WHAT A CHARACTER: RICHARD HAYDN

I recently rewatched a bunch of  "Twilight Zone" episodes on television, and I caught one that I hadn't seen before. It featured an actor I have seen before but could not place where. The actor is Richard Haydn, and I have seen him in everything from a Bing Crosby movie to co-starring role in The Sound Of Music (1965). I had to learn more about him, so this is what I found out. He was born George Richard Haydon March 10, 1910 in London, he was known for playing eccentric characters, such as Edwin Carp, Claud Curdle, Richard Rancyd and Stanley Stayle. Much of his stage delivery was done in a deliberate over-nasalized and over-enunciated manner. He was possibly best noted in his performance as the voice of the Caterpillar in the 1951 Disney animated adaptation of Alice in Wonderland. Haydn was particularly memorable as the manservant Rogers in the 1945 adaptation of Agatha Christie's And Then There Were None.

Richard Haydn had a laborious start to his show business career, selling tickets in the box office of London's Daly Theatre. This was followed by an unsuccessful stint with a comedy act in musical revue. For a change of pace, he became overseer of a Jamaican banana plantation only to see it wiped out by a hurricane. Returning home, he appeared in the 1926 West End production of 'Betty of Mayfair' and, soon after, also began to act on radio. It was in this medium, where he first found success, creating his signature character, the perpetually befuddled nasally-voiced fish expert and mother's boy Edwin Carp. Haydn later immortalised the character in a book, The Journal of Edwin Carp.
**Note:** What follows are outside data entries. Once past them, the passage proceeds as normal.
text \<open>Write \<open>(a + \<Sum>x)^(-\<beta>)\<close> as the integral of \<open>\<beta> s^(-\<beta>-1)\<close> over \<open>[a + \<Sum>x, \<infinity>)\<close> and swap the
  integrals; the sublevel sets of \<open>a + \<Sum>x\<close> in the orthant are dilated copies of the corner simplex.\<close>
lemma nn_integral_pareto_unnorm:
  fixes a \<beta> :: real
  assumes a: "a > 0" and b: "\<beta> > 0"
  shows "(\<integral>\<^sup>+x. ennreal (pareto_unnorm a \<beta> (x :: real^'n::finite)) \<partial>lborel)
       = ennreal \<beta> * emeasure lborel (corner_simplex :: (real^'n) set) * tail_integral a \<beta> (\<lambda>s. (s-a)^CARD('n))"
proof -
  define w where "w x = a + (\<Sum>i\<in>UNIV. x $ i)" for x :: "real^'n"
  define \<phi> where "\<phi> s = ennreal (\<beta> * s powr (-\<beta>-1)) * indicator {a..} s" for s :: real
  have [measurable]: "w \<in> borel_measurable borel" "\<phi> \<in> borel_measurable borel"
    unfolding w_def \<phi>_def by measurable
  have "(\<integral>\<^sup>+x. ennreal (pareto_unnorm a \<beta> (x :: real^'n)) \<partial>lborel)
      = (\<integral>\<^sup>+x. indicator pos_orthant x * (\<integral>\<^sup>+s. \<phi> s * indicator {w x..} s \<partial>lborel) \<partial>lborel)"
  proof (intro nn_integral_cong)
    fix x :: "real^'n"
    show "ennreal (pareto_unnorm a \<beta> x) = indicator pos_orthant x * (\<integral>\<^sup>+s. \<phi> s * indicator {w x..} s \<partial>lborel)"
    proof (cases "x \<in> pos_orthant")
      case True
      then have w: "a < w x" unfolding w_def using sum_pos_orthant by fastforce
      have "(\<integral>\<^sup>+s. \<phi> s * indicator {w x..} s \<partial>lborel) = ennreal \<beta> * tail_integral (w x) \<beta> (\<lambda>_. 1)"
        unfolding \<phi>_def tail_integral_def using w b
        by (subst nn_integral_cmult[symmetric]) (auto intro!: nn_integral_cong simp: ennreal_mult split: split_indicator)
      also have "\<dots> = ennreal (w x powr (-\<beta>))"
        using tail_integral_one[of "w x" \<beta>] w a b by (simp add: ennreal_mult[symmetric])
      finally show ?thesis using True by (simp add: pareto_unnorm_eq w_def)
    qed (simp add: pareto_unnorm_eq)
  qed
  also have "\<dots> = (\<integral>\<^sup>+s. \<phi> s * (\<integral>\<^sup>+x. indicator pos_orthant x * indicator {x. w x \<le> s} x \<partial>lborel) \<partial>lborel)"
    by (rule nn_integral_sublevel_swap) measurable
  also have "\<dots> = (\<integral>\<^sup>+s. ennreal \<beta> * emeasure lborel (corner_simplex :: (real^'n) set)
      * (ennreal (s powr (-\<beta>-1) * (s-a)^CARD('n)) * indicator {a..} s) \<partial>lborel)"
  proof (intro nn_integral_cong)
    fix s :: real
    have [measurable]: "{x :: real^'n. x \<in> pos_orthant \<and> w x \<le> s} \<in> sets borel" by measurable
    have "(\<integral>\<^sup>+x. indicator pos_orthant x * indicator {x. w x \<le> s} x \<partial>lborel)
        = (\<integral>\<^sup>+x. indicator {x :: real^'n. x \<in> pos_orthant \<and> w x \<le> s} x \<partial>lborel)"
      by (intro nn_integral_cong) (simp split: split_indicator)
    then have "(\<integral>\<^sup>+x. indicator pos_orthant x * indicator {x. w x \<le> s} x \<partial>lborel)
        = emeasure lborel {x :: real^'n. x \<in> pos_orthant \<and> w x \<le> s}"
      by simp
    then show "\<phi> s * (\<integral>\<^sup>+x. indicator pos_orthant x * indicator {x. w x \<le> s} x \<partial>lborel)
      = ennreal \<beta> * emeasure lborel (corner_simplex :: (real^'n) set)
      * (ennreal (s powr (-\<beta>-1) * (s-a)^CARD('n)) * indicator {a..} s)"
      using emeasure_pareto_sublevel[where 'n='n, of a s] b unfolding \<phi>_def w_def
      by (cases "a \<le> s") (simp_all add: ennreal_mult' mult_ac)
  qed
  also have "\<dots> = ennreal \<beta> * emeasure lborel (corner_simplex :: (real^'n) set) * tail_integral a \<beta> (\<lambda>s. (s-a)^CARD('n))"
    unfolding tail_integral_def by (rule nn_integral_cmult) measurable
  finally show ?thesis .
qed

locale pareto =
  fixes a \<beta> :: real and n_type :: "'n::finite itself"
  assumes a_pos: "a > 0" and card_less: "real CARD('n) < \<beta>"
begin

lemma \<beta>_pos: "\<beta> > 0"
  using card_less by (metis of_nat_0_le_iff order.strict_trans1)

definition Z :: real where "Z = pareto_Z a \<beta> TYPE('n)"

definition simplex_volume :: real where
  "simplex_volume = enn2real (emeasure lborel (corner_simplex :: (real^'n) set))"

lemma simplex_volume: "simplex_volume > 0" "emeasure lborel (corner_simplex :: (real^'n) set) = ennreal simplex_volume"
  using emeasure_corner_simplex_finite[where 'n='n] emeasure_corner_simplex_pos[where 'n='n]
  unfolding simplex_volume_def by (auto simp: enn2real_positive_iff less_top)

lemma nn_integral_pareto_unnorm_eq_Z: "(\<integral>\<^sup>+x. ennreal (pareto_unnorm a \<beta> (x :: real^'n)) \<partial>lborel) = ennreal Z" and Z_pos: "Z > 0"
proof -
  define C where "C = fact CARD('n) * a powr (real CARD('n) - \<beta>) / (\<Prod>i\<le>CARD('n). (\<beta> - real i))"
  have "(\<Prod>i\<le>CARD('n). (\<beta> - real i)) > 0"
    using card_less by (intro prod_pos) auto
  then have C: "C > 0" unfolding C_def using a_pos by simp
  have nn: "(\<integral>\<^sup>+x. ennreal (pareto_unnorm a \<beta> (x :: real^'n)) \<partial>lborel) = ennreal (\<beta> * simplex_volume * C)"
    using nn_integral_pareto_unnorm[OF a_pos \<beta>_pos, where 'n='n] tail_integral_power[OF a_pos card_less]
      simplex_volume \<beta>_pos C
    unfolding C_def[symmetric] by (simp add: ennreal_mult)
  have "0 \<le> pareto_unnorm a \<beta> x" for x :: "real^'n"
    by (simp add: pareto_unnorm_eq)
  then have "Z = \<beta> * simplex_volume * C"
    using nn_integral_eq_integrable[of "pareto_unnorm a \<beta> :: real^'n \<Rightarrow> real" lborel "\<beta> * simplex_volume * C"]
      nn \<beta>_pos simplex_volume C
    unfolding Z_def pareto_Z_def by simp
  then show "(\<integral>\<^sup>+x. ennreal (pareto_unnorm a \<beta> (x :: real^'n)) \<partial>lborel) = ennreal Z" "Z > 0"
    using nn \<beta>_pos simplex_volume C by simp_all
qed

definition q :: real where "q = Z powr (1/\<beta>)"

lemma q_pos: "q > 0"
  unfolding q_def using Z_pos by simp

text \<open>Absorbing the normalising constant into \<open>q\<close> makes \<open>pareto_density a \<beta> powr (-1/\<beta>)\<close> affine on the
  orthant.\<close>
lemma pareto_density_eq:
  "pareto_density a \<beta> (x :: real^'n) = indicator pos_orthant x * (q * (a + (\<Sum>i\<in>UNIV. x $ i))) powr (-\<beta>)"
proof (cases "x \<in> pos_orthant")
  case True
  then have w: "0 < a + (\<Sum>i\<in>UNIV. x $ i)" using sum_pos_orthant[OF True] a_pos by simp
  have "q powr (-\<beta>) = 1 / Z"
    unfolding q_def using Z_pos \<beta>_pos by (simp add: powr_powr powr_minus_divide)
  then show ?thesis
    using True w q_pos unfolding pareto_density_def pareto_unnorm_eq Z_def[symmetric] by (simp add: powr_mult)
qed (simp add: pareto_density_def pareto_unnorm_eq)

lemma pareto_density_pos_iff: "0 < pareto_density a \<beta> (x :: real^'n) \<longleftrightarrow> x \<in> pos_orthant"
proof (cases "x \<in> pos_orthant")
  case True
  then have "0 < a + (\<Sum>i\<in>UNIV. x $ i)" using sum_pos_orthant[of x] a_pos by simp
  then show ?thesis using True q_pos unfolding pareto_density_eq by simp
qed (simp add: pareto_density_eq)

lemma pareto_density_nonneg: "0 \<le> pareto_density a \<beta> (x :: real^'n)"
  unfolding pareto_density_eq by simp

lemma pareto_is_density: "is_density (pareto_density a \<beta> :: real^'n \<Rightarrow> real)"
  unfolding is_density_def
proof (intro conjI allI)
  show "(pareto_density a \<beta> :: real^'n \<Rightarrow> real) \<in> borel_measurable lborel"
    unfolding pareto_density_eq[abs_def] by measurable
  show "0 \<le> pareto_density a \<beta> x" for x :: "real^'n"
    by (rule pareto_density_nonneg)
  have "(\<integral>\<^sup>+x. ennreal (pareto_density a \<beta> (x :: real^'n)) \<partial>lborel)
      = (\<integral>\<^sup>+x. ennreal (1/Z) * ennreal (pareto_unnorm a \<beta> (x :: real^'n)) \<partial>lborel)"
    unfolding pareto_density_def Z_def[symmetric] using Z_pos
    by (intro nn_integral_cong) (simp add: ennreal_mult'[symmetric])
  also have "\<dots> = 1"
    using Z_pos by (simp add: nn_integral_cmult nn_integral_pareto_unnorm_eq_Z ennreal_mult[symmetric])
  finally show "(\<integral>\<^sup>+x. ennreal (pareto_density a \<beta> (x :: real^'n)) \<partial>lborel) = 1" .
qed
The Carp routine opened the door for Haydn to appear with Beatrice Lillie on Broadway in Noel Coward's 'Set to Music' (1939) and this, in turn, resulted in a contract with 20th Century Fox. While his screen debut in Charley's Aunt (1941) was relatively straight-laced, he was more often seen in comedic roles where his lugubrious face and dignified, sometimes unctuous presence could be employed to scene-stealing effect. His notable characterisations in this vein include the over-enunciating Professor Oddly in Ball of Fire (1941), Rogers the butler in And Then There Were None (1945) and Mr. Wilson in Cluny Brown (1946). He essayed a rare villainous role as the odious Earl of Radcliffe in the period drama Forever Amber (1947) and was back in his best form as Mr.Appleton in Sitting Pretty (1948). In The Late George Apley (1947), he played the character of Horatio Willing, 'with a broad edge of wheezy burlesque' (Bosley Crowther, New York Times, March 21 1947). In the late 40's, Haydn made a brief foray into directing. Of his three films for Paramount, the Bing Crosby vehicle Mr. Music (1950) enjoyed the best critical reviews. He also appeared with Crosby in The Emperor Waltz (1948) as Emperor Franz-Josef.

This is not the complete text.